3. A lubricant composition according to claim 1 wherein the arylene sulfide polymer is polyphenylene sulfide.

4. A lubricant composition according to claim 2 wherein the metal salt is monocalcium phosphate or dicalcium phosphate.

5. A lubricant composition according to claim 2 wherein the alkaline earth metal carbonate is calcium carbonate.

6. A lubricant composition according to claim 1 wherein the mixture of the arylene sulfide polymer and the metal salt comprises from about 1% to about 10%, by weight, of the lubricant composition.

7. A lubricant composition according to claim 1 wherein the ratio of arylene sulfide polymer to metal salt is from about 1:9 to about 9:1.

8. A lubricant composition according to claim 1 wherein a minor proportion of graphite is added to the composition.

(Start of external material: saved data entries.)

(* Let $(\mathcal H,\Delta,\delta,\mu,\mathbf 1,S,\beta)$ be a braided Hopf algebra and let $K:\mathcal H\otimes\mathcal H\to\mathbb C$ be a $\beta$-invariant linear functional. Put $\widetilde K:=K\circ(S\otimes\mathrm{id})\circ\Delta:\mathcal H\to\mathbb C$. If $K\star\mu=\mu\star K$, then $\widetilde K\star\mathrm{id}=\mathrm{id}\star\widetilde K$, i.e. $(\widetilde K\otimes\mathrm{id})\circ\Delta=(\mathrm{id}\otimes\widetilde K)\circ\Delta$ as maps $\mathcal H\to\mathcal H$.
   Context: Braided vector space $(V,\beta)$: $\beta\in\mathrm{Aut}(V\otimes V)$ satisfying the braid equation $(\beta\otimes\mathrm{id})(\mathrm{id}\otimes\beta)(\beta\otimes\mathrm{id})=(\mathrm{id}\otimes\beta)(\beta\otimes\mathrm{id})(\mathrm{id}\otimes\beta)$. $\beta_{m,n}$: $\beta_{0,0}=\mathrm{id}_{\mathbb C}$, $\beta_{1,0}=\beta_{0,1}=\mathrm{id}_V$, $\beta_{1,m+1}=(\mathrm{id}_V\otimes\beta_{1,m})(\beta\otimes\mathrm{id})$, $\beta_{n+1,m}=(\beta_{n,m}\otimes\mathrm{id}_V)(\mathrm{id}\otimes\beta_{1,m})$. $f:V^{\otimes m}\to V^{\otimes n}$ is $\beta$-invariant if $(f\otimes\mathrm{id})\beta_{1,m}=\beta_{1,n}(\mathrm{id}\otimes f)$, $\beta^{-1}$-invariant if $(\mathrm{id}\otimes f)\beta_{m,1}=\beta_{n,1}(f\otimes\mathrm{id})$, $\beta$-compatible if both; for a functional $K$ on $V\otimes V$, $\beta$-invariance means $(K\otimes\mathrm{id})\circ\beta_{1,2}=\mathrm{id}\otimes K$. A braided bialgebra $(\mathcal H,\Delta,\delta,\mu,\mathbf 1,\beta)$: unital associative algebra and coassociative counital coalgebra with braiding $\beta$ such that $\mu,\mathbf 1,\Delta,\delta$ are $\beta$-compatible, $\Delta\circ\mu=(\mu\otimes\mu)\circ\Lambda$ with $\Lambda:=(\mathrm{id}\otimes\beta\otimes\mathrm{id})(\Delta\otimes\Delta)$, $\Delta(\mathbf 1)=\mathbf 1\otimes\mathbf 1$, $\delta\circ\mu=\delta\otimes\delta$, $\delta(\mathbf 1)=1$. It is a braided Hopf algebra if there is a linear $S:\mathcal H\to\mathcal H$ with $\mu\circ(S\otimes\mathrm{id})\circ\Delta=\mathbf 1\delta=\mu\circ(\mathrm{id}\otimes S)\circ\Delta$. Convolution: $f\star g=m\circ(f\otimes g)\circ\Delta_{\mathrm{coalg}}$; on $\mathcal H\otimes\mathcal H$ the comultiplication is $\Lambda$, so $K\star\mu=(K\otimes\mu)\circ\Lambda$ and $\mu\star K=(\mu\otimes K)\circ\Lambda$ (identifying $\mathbb C\otimes\mathcal H\cong\mathcal H$). *)

theory Defs
  imports Complex_Main "HOL-Library.Poly_Mapping"
begin

(* 
  Every complex vector space has a basis, so we take the underlying space of
  H to be the free complex vector space on a basis type 'b.  Then the tensor power
  H^{\<otimes>n} is the free complex vector space on the words of length n over 'b, and we
  let all tensor powers live inside the tensor algebra  'b list \<Rightarrow>\<^sub>0 complex
  (finitely supported coefficient functions on words); an element is homogeneous of
  degree n if it is supported on words of length n.  The scalars C = H^{\<otimes>0} are spanned
  by the empty word, so the identifications C \<otimes> H = H = H \<otimes> C and the associativity of
  tensor products are strict (concatenation of words).

  A linear map f : H^{\<otimes>m} \<rightarrow> H^{\<otimes>n} is given by its values on the basis words of
  length m (type 'b list \<Rightarrow> tens); it is extended linearly by lapp.
 *)

type_synonym 'b tens = "'b list \<Rightarrow>\<^sub>0 complex"
type_synonym 'b lmap = "'b list \<Rightarrow> 'b tens"

definition lapp :: "'b lmap \<Rightarrow> 'b tens \<Rightarrow> 'b tens" where
  "lapp f v = (\<Sum>w\<in>Poly_Mapping.keys v. Poly_Mapping.map (\<lambda>z. Poly_Mapping.lookup v w * z) (f w))"

definition tmul :: "'b tens \<Rightarrow> 'b tens \<Rightarrow> 'b tens" where
  "tmul u v = (\<Sum>x\<in>Poly_Mapping.keys u. \<Sum>y\<in>Poly_Mapping.keys v. Poly_Mapping.single (x @ y) (Poly_Mapping.lookup u x * Poly_Mapping.lookup v y))"

definition lcomp :: "'b lmap \<Rightarrow> 'b lmap \<Rightarrow> 'b lmap" where
  "lcomp g f = (\<lambda>w. lapp g (f w))"

definition lid :: "'b lmap" where
  "lid = (\<lambda>w. Poly_Mapping.single w 1)"

definition ltens :: "nat \<Rightarrow> 'b lmap \<Rightarrow> 'b lmap \<Rightarrow> 'b lmap" where
  "ltens m f g = (\<lambda>w. tmul (f (take m w)) (g (drop m w)))"

definition is_map :: "nat \<Rightarrow> nat \<Rightarrow> 'b lmap \<Rightarrow> bool" where
  "is_map m n f \<longleftrightarrow> (\<forall>w. length w = m \<longrightarrow> (\<forall>x\<in>Poly_Mapping.keys (f w). length x = n))"

definition map_eq :: "nat \<Rightarrow> 'b lmap \<Rightarrow> 'b lmap \<Rightarrow> bool" where
  "map_eq m f g \<longleftrightarrow> (\<forall>w. length w = m \<longrightarrow> f w = g w)"

definition braid_eq :: "'b lmap \<Rightarrow> bool" where
  "braid_eq \<beta> \<longleftrightarrow>
     map_eq 3 (lcomp (ltens 2 \<beta> lid) (lcomp (ltens 1 lid \<beta>) (ltens 2 \<beta> lid)))
              (lcomp (ltens 1 lid \<beta>) (lcomp (ltens 2 \<beta> lid) (ltens 1 lid \<beta>)))"

definition braiding :: "'b lmap \<Rightarrow> bool" where
  "braiding \<beta> \<longleftrightarrow> is_map 2 2 \<beta> \<and>
     (\<exists>\<gamma>. is_map 2 2 \<gamma> \<and> map_eq 2 (lcomp \<beta> \<gamma>) lid \<and> map_eq 2 (lcomp \<gamma> \<beta>) lid) \<and>
     braid_eq \<beta>"

fun beta1 :: "'b lmap \<Rightarrow> nat \<Rightarrow> 'b lmap" where
  "beta1 \<beta> 0 = lid"
| "beta1 \<beta> (Suc m) = lcomp (ltens 1 lid (beta1 \<beta> m)) (ltens 2 \<beta> lid)"
(* Let $k$ be a field and let $\nu$ be the valuation on $k[x,y]$ given by $\nu(p)=\operatorname{ord}_t\, p\!\left(t,\sum_{i=1}^\infty t^{i^2}\right)$, the $t$-adic order of the power series obtained by substituting $x\mapsto t$, $y\mapsto t+t^4+t^9+t^{16}+\cdots$. Then $\nu$ is centered on $k[x,y]$, the set $\mathbf{Q}=\{x\}$ satisfies (GS3), but $\mathbf{Q}=\{x\}$ does not satisfy (GS2). In particular, the converse of the implication (GS2) $\Rightarrow$ (GS3) fails in general.
   Context: The substitution homomorphism $k[x,y]\to k[[t]]$, $x\mapsto t$, $y\mapsto\sum_{i\ge1}t^{i^2}$, is injective (the series is transcendental over $k(t)$), so $\nu$ is a valuation with $\nu(k^\times)=0$ and $\nu(t)=1$. For a valuation $\nu$ on a ring $R$ with values in $\Gamma\cup\{\infty\}$: $\nu(R)$ is its set of finite values; for $\gamma\in\nu(R)$, $\mathcal P_\gamma=\{f\mid\nu(f)\ge\gamma\}$, $\mathcal P_\gamma^+=\{f\mid\nu(f)>\gamma\}$; $\mathrm{gr}_\nu(R)=\bigoplus_{\gamma}\mathcal P_\gamma/\mathcal P_\gamma^+$ with multiplication induced by that of $R$; $\mathrm{in}_\nu(f)$ is the image of $f$ in $\mathcal P_{\nu(f)}/\mathcal P_{\nu(f)}^+$. $\nu$ is centered if $\nu\ge0$ on $R$; then $\mathfrak m=\{\nu>0\}$ and $\mathrm{gr}_\nu(R)$ is an $R/\mathfrak m$-algebra. For $\mathbf{Q}\subseteq R$, $\mathbf{Q}^\lambda=\prod Q^{\lambda(Q)}$ for finitely supported $\lambda:\mathbf{Q}\to\mathbb{N}_0$. (GS2): for every $\gamma\in\nu(R)$ the ideal $\mathcal P_\gamma$ is generated by $\{\mathbf{Q}^\lambda\mid\nu(\mathbf{Q}^\lambda)\ge\gamma\}$. (GS3): $\{\mathrm{in}_\nu(Q)\mid Q\in\mathbf{Q}\}$ generates $\mathrm{gr}_\nu(R)$ as an $R/\mathfrak m$-algebra. *)

theory Defs
  imports "HOL-Computational_Algebra.Computational_Algebra" "HOL-Library.Extended_Real"
begin

text \<open>k[x,y] is rendered as ('a poly) poly: the inner variable is x, the outer variable is y.\<close>

definition sq_series :: "'a::field fps" where
  "sq_series = Abs_fps (\<lambda>n. if 0 < n \<and> (\<exists>i::nat. n = i^2) then 1 else 0)"

definition subst_xy :: "'a::field poly poly \<Rightarrow> 'a fps" where
  "subst_xy p = poly (map_poly fps_of_poly p) sq_series"

definition nu :: "'a::field poly poly \<Rightarrow> ereal" where
  "nu p = (if subst_xy p = 0 then \<infinity> else ereal (real (subdegree (subst_xy p))))"

abbreviation var_x :: "'a::field poly poly" where
  "var_x \<equiv> [:[:0, 1:]:]"

definition valuation :: "('r::comm_ring_1 \<Rightarrow> ereal) \<Rightarrow> bool" where
  "valuation v \<longleftrightarrow> v 0 = \<infinity> \<and> v 1 = 0 \<and> (\<forall>f. v f \<noteq> -\<infinity>) \<and>
     (\<forall>f g. v (f * g) = v f + v g) \<and> (\<forall>f g. min (v f) (v g) \<le> v (f + g))"

definition centered :: "('r::comm_ring_1 \<Rightarrow> ereal) \<Rightarrow> bool" where
  "centered v \<longleftrightarrow> (\<forall>f. 0 \<le> v f)"

definition vals :: "('r \<Rightarrow> ereal) \<Rightarrow> ereal set" where
  "vals v = {\<gamma>. \<exists>f. v f = \<gamma> \<and> \<gamma> \<noteq> \<infinity>}"

definition Pge :: "('r \<Rightarrow> ereal) \<Rightarrow> ereal \<Rightarrow> 'r set" where
  "Pge v \<gamma> = {f. \<gamma> \<le> v f}"

definition Pgt :: "('r \<Rightarrow> ereal) \<Rightarrow> ereal \<Rightarrow> 'r set" where
  "Pgt v \<gamma> = {f. \<gamma> < v f}"

definition gen_ideal :: "'r::comm_ring_1 set \<Rightarrow> 'r set" where
  "gen_ideal S = {x. \<exists>F c. finite F \<and> F \<subseteq> S \<and> x = (\<Sum>s\<in>F. c s * s)}"

definition Qmonomials :: "'r::comm_ring_1 set \<Rightarrow> 'r set" where
  "Qmonomials Q = {(\<Prod>q\<in>{q. lam q \<noteq> 0}. q ^ lam q) | lam :: 'r \<Rightarrow> nat.
               finite {q. lam q \<noteq> 0} \<and> {q. lam q \<noteq> 0} \<subseteq> Q}"

definition GS2 :: "('r::comm_ring_1 \<Rightarrow> ereal) \<Rightarrow> 'r set \<Rightarrow> bool" where
  "GS2 v Q \<longleftrightarrow> (\<forall>\<gamma>\<in>vals v. Pge v \<gamma> = gen_ideal {m \<in> Qmonomials Q. \<gamma> \<le> v m})"

text \<open>An element of gr_v(R) = \<Oplus>_{\<gamma>\<in>v(R)} P_\<gamma>/P_\<gamma>^+ is a function assigning to each
  \<gamma> \<in> v(R) a coset f + P_\<gamma>^+ with f \<in> P_\<gamma> (and {} outside v(R)), almost all components zero.\<close>

definition cls :: "('r::comm_ring_1 \<Rightarrow> ereal) \<Rightarrow> ereal \<Rightarrow> 'r \<Rightarrow> 'r set" where
  "cls v \<gamma> f = (\<lambda>g. f + g) ` Pgt v \<gamma>"

definition gr_comp :: "('r::comm_ring_1 \<Rightarrow> ereal) \<Rightarrow> ereal \<Rightarrow> 'r set set" where
  "gr_comp v \<gamma> = cls v \<gamma> ` Pge v \<gamma>"

definition gr_supp :: "('r::comm_ring_1 \<Rightarrow> ereal) \<Rightarrow> (ereal \<Rightarrow> 'r set) \<Rightarrow> ereal set" where
  "gr_supp v G = {\<gamma> \<in> vals v. G \<gamma> \<noteq> Pgt v \<gamma>}"

definition gr_carrier :: "('r::comm_ring_1 \<Rightarrow> ereal) \<Rightarrow> (ereal \<Rightarrow> 'r set) set" where
  "gr_carrier v = {G. (\<forall>\<gamma>\<in>vals v. G \<gamma> \<in> gr_comp v \<gamma>) \<and> (\<forall>\<gamma>. \<gamma> \<notin> vals v \<longrightarrow> G \<gamma> = {})
                     \<and> finite (gr_supp v G)}"

definition rep :: "'r set \<Rightarrow> 'r" where
  "rep A = (SOME a. a \<in> A)"

definition gr_add :: "('r::comm_ring_1 \<Rightarrow> ereal) \<Rightarrow> (ereal \<Rightarrow> 'r set) \<Rightarrow> (ereal \<Rightarrow> 'r set) \<Rightarrow> (ereal \<Rightarrow> 'r set)" where
  "gr_add v G H = (\<lambda>\<gamma>. if \<gamma> \<in> vals v then cls v \<gamma> (rep (G \<gamma>) + rep (H \<gamma>)) else {})"

definition gr_mult :: "('r::comm_ring_1 \<Rightarrow> ereal) \<Rightarrow> (ereal \<Rightarrow> 'r set) \<Rightarrow> (ereal \<Rightarrow> 'r set) \<Rightarrow> (ereal \<Rightarrow> 'r set)" where
  "gr_mult v G H = (\<lambda>\<gamma>. if \<gamma> \<in> vals v then
      cls v \<gamma> (\<Sum>(\<alpha>, \<beta>) \<in> {(\<alpha>, \<beta>). \<alpha> \<in> gr_supp v G \<and> \<beta> \<in> gr_supp v H \<and> \<alpha> + \<beta> = \<gamma>}.
                  rep (G \<alpha>) * rep (H \<beta>))
    else {})"

text \<open>Scalar action of R (it factors through R/m when v is centered).\<close>
definition gr_smult :: "('r::comm_ring_1 \<Rightarrow> ereal) \<Rightarrow> 'r \<Rightarrow> (ereal \<Rightarrow> 'r set) \<Rightarrow> (ereal \<Rightarrow> 'r set)" where
  "gr_smult v c G = (\<lambda>\<gamma>. if \<gamma> \<in> vals v then cls v \<gamma> (c * rep (G \<gamma>)) else {})"

definition gr_one :: "('r::comm_ring_1 \<Rightarrow> ereal) \<Rightarrow> (ereal \<Rightarrow> 'r set)" where
  "gr_one v = (\<lambda>\<gamma>. if \<gamma> \<in> vals v then cls v \<gamma> (if \<gamma> = 0 then 1 else 0) else {})"

text \<open>Initial form in_v(f): the class of f in P_{v f}/P_{v f}^+ (zero if f has value \<infinity>).\<close>
definition in_v :: "('r::comm_ring_1 \<Rightarrow> ereal) \<Rightarrow> 'r \<Rightarrow> (ereal \<Rightarrow> 'r set)" where
  "in_v v f = (\<lambda>\<gamma>. if \<gamma> \<in> vals v then cls v \<gamma> (if \<gamma> = v f then f else 0) else {})"

text \<open>Subalgebra of gr_v(R) generated (over R/m, i.e. via the R-action) by a set S.\<close>
inductive_set gen_alg :: "('r::comm_ring_1 \<Rightarrow> ereal) \<Rightarrow> (ereal \<Rightarrow> 'r set) set \<Rightarrow> (ereal \<Rightarrow> 'r set) set"
  for v S where
  one: "gr_one v \<in> gen_alg v S"
| gen: "G \<in> S \<Longrightarrow> G \<in> gen_alg v S"
| smult: "G \<in> gen_alg v S \<Longrightarrow> gr_smult v c G \<in> gen_alg v S"
| add: "G \<in> gen_alg v S \<Longrightarrow> H \<in> gen_alg v S \<Longrightarrow> gr_add v G H \<in> gen_alg v S"
| mult: "G \<in> gen_alg v S \<Longrightarrow> H \<in> gen_alg v S \<Longrightarrow> gr_mult v G H \<in> gen_alg v S"

definition GS3 :: "('r::comm_ring_1 \<Rightarrow> ereal) \<Rightarrow> 'r set \<Rightarrow> bool" where
  "GS3 v Q \<longleftrightarrow> gr_carrier v \<subseteq> gen_alg v (in_v v ` Q)"

end

theory Submission
  imports Defs
begin

text \<open>
  Every value of \<open>\<nu>\<close> is a natural number, and \<open>\<nu>(x\<^sup>n) = n\<close>. If \<open>\<nu>(f) \<ge> n\<close> and \<open>c\<close> is
  the coefficient of \<open>t\<^sup>n\<close> in \<open>f(t, \<Sum>\<^sub>i t\<^bsup>i\<^sup>2\<^esup>)\<close>, then \<open>\<nu>(f - c x\<^sup>n) > n\<close>; so the
  graded piece of degree \<open>n\<close> is spanned by \<open>in(x)\<^sup>n\<close>, and since initial forms are
  multiplicative and every element of \<open>gr_\<nu>\<close> is a finite sum of homogeneous ones,
  \<open>in(x)\<close> generates \<open>gr_\<nu>\<close>. On the other hand \<open>y - x \<mapsto> t\<^sup>4 + t\<^sup>9 + \<dots>\<close> has value
  at least 2, whereas the monomials in \<open>x\<close> of value at least 2 are the \<open>x\<^sup>k\<close> with \<open>k \<ge> 2\<close>, so the
  ideal they generate consists of multiples of \<open>x\<close> and misses \<open>y - x\<close>.
\<close>

section \<open>Homogeneous elements of the graded algebra of a valuation\<close>

definition gr_homog :: "('r::comm_ring_1 \<Rightarrow> ereal) \<Rightarrow> ereal \<Rightarrow> 'r \<Rightarrow> ereal \<Rightarrow> 'r set" where
  "gr_homog v \<gamma> f = (\<lambda>\<delta>. if \<delta> \<in> vals v then cls v \<delta> (if \<delta> = \<gamma> then f else 0) else {})"

lemma in_v_eq_gr_homog: "in_v v f = gr_homog v (v f) f"
  by (simp add: in_v_def gr_homog_def)

lemma gr_one_eq_gr_homog: "gr_one v = gr_homog v 0 1"
  by (simp add: gr_one_def gr_homog_def)

lemma cls_0: "cls v \<gamma> 0 = Pgt v \<gamma>"
  by (simp add: cls_def)

lemma vals_ne_infinity: "\<gamma> \<in> vals v \<Longrightarrow> \<gamma> \<noteq> \<infinity>"
  by (simp add: vals_def)

context
  fixes v :: "'r::comm_ring_1 \<Rightarrow> ereal"
  assumes val: "valuation v"
begin

lemma valuation_ne_minf: "v f \<noteq> -\<infinity>"
  using val by (simp add: valuation_def)

lemma valuation_mult: "v (f * g) = v f + v g"
  using val by (simp add: valuation_def)

lemma valuation_minus_one: "v (- 1) = 0"
proof -
  have "v (- 1) + v (- 1) = 0"
    using val valuation_mult[of "- 1" "- 1"] by (simp add: valuation_def)
  then show ?thesis
    using valuation_ne_minf[of "- 1"] by (cases "v (- 1)") auto
qed

lemma valuation_uminus: "v (- f) = v f"
  using valuation_mult[of "- 1" f] valuation_minus_one by simp

lemma zero_mem_Pgt: "\<gamma> \<noteq> \<infinity> \<Longrightarrow> 0 \<in> Pgt v \<gamma>"
  using val by (simp add: Pgt_def valuation_def less_top[symmetric])

lemma add_mem_Pgt: "f \<in> Pgt v \<gamma> \<Longrightarrow> g \<in> Pgt v \<gamma> \<Longrightarrow> f + g \<in> Pgt v \<gamma>"
  using val unfolding Pgt_def valuation_def by (auto intro: less_le_trans[of _ "min (v f) (v g)"])

lemma diff_mem_Pgt: "f \<in> Pgt v \<gamma> \<Longrightarrow> g \<in> Pgt v \<gamma> \<Longrightarrow> f - g \<in> Pgt v \<gamma>"
  using add_mem_Pgt[of f \<gamma> "- g"] by (simp add: Pgt_def valuation_uminus)

lemma add_mem_Pge: "f \<in> Pge v \<gamma> \<Longrightarrow> g \<in> Pge v \<gamma> \<Longrightarrow> f + g \<in> Pge v \<gamma>"
  using val unfolding Pge_def valuation_def by (auto intro: order_trans[of _ "min (v f) (v g)"])

lemma mult_mem_Pgt:
  assumes "\<bar>\<alpha>\<bar> \<noteq> \<infinity>" "f \<in> Pge v \<alpha>" "g \<in> Pgt v \<beta>"
  shows "f * g \<in> Pgt v (\<alpha> + \<beta>)"
proof -
  have "\<alpha> + \<beta> < \<alpha> + v g"
    using assms by (simp add: Pgt_def ereal_less_add)
  also have "\<dots> \<le> v f + v g"
    using assms(2) by (simp add: Pge_def add_right_mono)
  finally show ?thesis
    by (simp add: Pgt_def valuation_mult)
qed

lemma cls_eq_iff:
  assumes "\<gamma> \<noteq> \<infinity>"
  shows "cls v \<gamma> a = cls v \<gamma> b \<longleftrightarrow> a - b \<in> Pgt v \<gamma>"
proof
  assume "cls v \<gamma> a = cls v \<gamma> b"
  moreover have "a \<in> cls v \<gamma> a"
    using zero_mem_Pgt[OF assms] unfolding cls_def by force
  ultimately show "a - b \<in> Pgt v \<gamma>"
    by (auto simp: cls_def)
next
  have shift: "cls v \<gamma> a \<subseteq> cls v \<gamma> b" if "a - b \<in> Pgt v \<gamma>" for a b
  proof
    fix x assume "x \<in> cls v \<gamma> a"
    then obtain g where "g \<in> Pgt v \<gamma>" "x = b + ((a - b) + g)"
      by (auto simp: cls_def)
    with that show "x \<in> cls v \<gamma> b"
      unfolding cls_def by (blast intro: add_mem_Pgt)
  qed
  assume "a - b \<in> Pgt v \<gamma>"
  moreover from this have "b - a \<in> Pgt v \<gamma>"
    using diff_mem_Pgt[OF zero_mem_Pgt[OF assms]] by fastforce
  ultimately show "cls v \<gamma> a = cls v \<gamma> b"
    by (intro equalityI shift)
qed

lemma cls_eq_Pgt_iff: "\<gamma> \<noteq> \<infinity> \<Longrightarrow> cls v \<gamma> a = Pgt v \<gamma> \<longleftrightarrow> a \<in> Pgt v \<gamma>"
  using cls_eq_iff[of \<gamma> a 0] by (simp add: cls_0)

lemma rep_cls_diff: "\<gamma> \<noteq> \<infinity> \<Longrightarrow> rep (cls v \<gamma> a) - a \<in> Pgt v \<gamma>"
  using someI[of "\<lambda>x. x \<in> cls v \<gamma> a" a] zero_mem_Pgt
  unfolding rep_def by (force simp: cls_def)

lemma gr_homog_cong: "f - g \<in> Pgt v \<gamma> \<Longrightarrow> gr_homog v \<gamma> f = gr_homog v \<gamma> g"
  by (rule ext) (auto simp: gr_homog_def cls_eq_iff vals_ne_infinity zero_mem_Pgt)

lemma gr_add_apply:
  assumes "\<gamma> \<in> vals v" "G \<gamma> = cls v \<gamma> a" "H \<gamma> = cls v \<gamma> b"
  shows "gr_add v G H \<gamma> = cls v \<gamma> (a + b)"
proof -
  have "(rep (G \<gamma>) - a) + (rep (H \<gamma>) - b) \<in> Pgt v \<gamma>"
    using assms by (simp add: add_mem_Pgt rep_cls_diff vals_ne_infinity)
  then show ?thesis
    using assms(1) by (simp add: gr_add_def cls_eq_iff vals_ne_infinity algebra_simps)
qed

lemma gr_carrier_component:
  assumes "G \<in> gr_carrier v" "\<gamma> \<in> vals v"
  obtains g where "g \<in> Pge v \<gamma>" "G \<gamma> = cls v \<gamma> g"
  using assms unfolding gr_carrier_def gr_comp_def by blast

9. A lubricant composition according to claim 1 wherein the lubricating grease is selected from the group consisting of lithium base greases, aluminum complex base greases, calcium complex base greases, barium greases and clay base greases.

10. A lubricant composition according to claim 1 wherein a minor amount of an inorganic pigment is added to the composition.

11. A lubricant composition according to claim 2 wherein a mixture of metal salts comprising calcium carbonate and dicalcium phosphate is incorporated in the composition.

12. A lubricant composition according to claim 10 wherein the inorganic pigment comprises a mixture of ferric oxide, carbon black and titanium dioxide.

13. A lubricant composition according to claim 1 wherein the metal salt is aluminum phosphate, ferric orthophosphate or cadmium phosphate.

14. A lubricant composition according to claim 1 wherein the polymer is in the form of a powder, the average particle size of which is in the range of 50 to 150 mesh.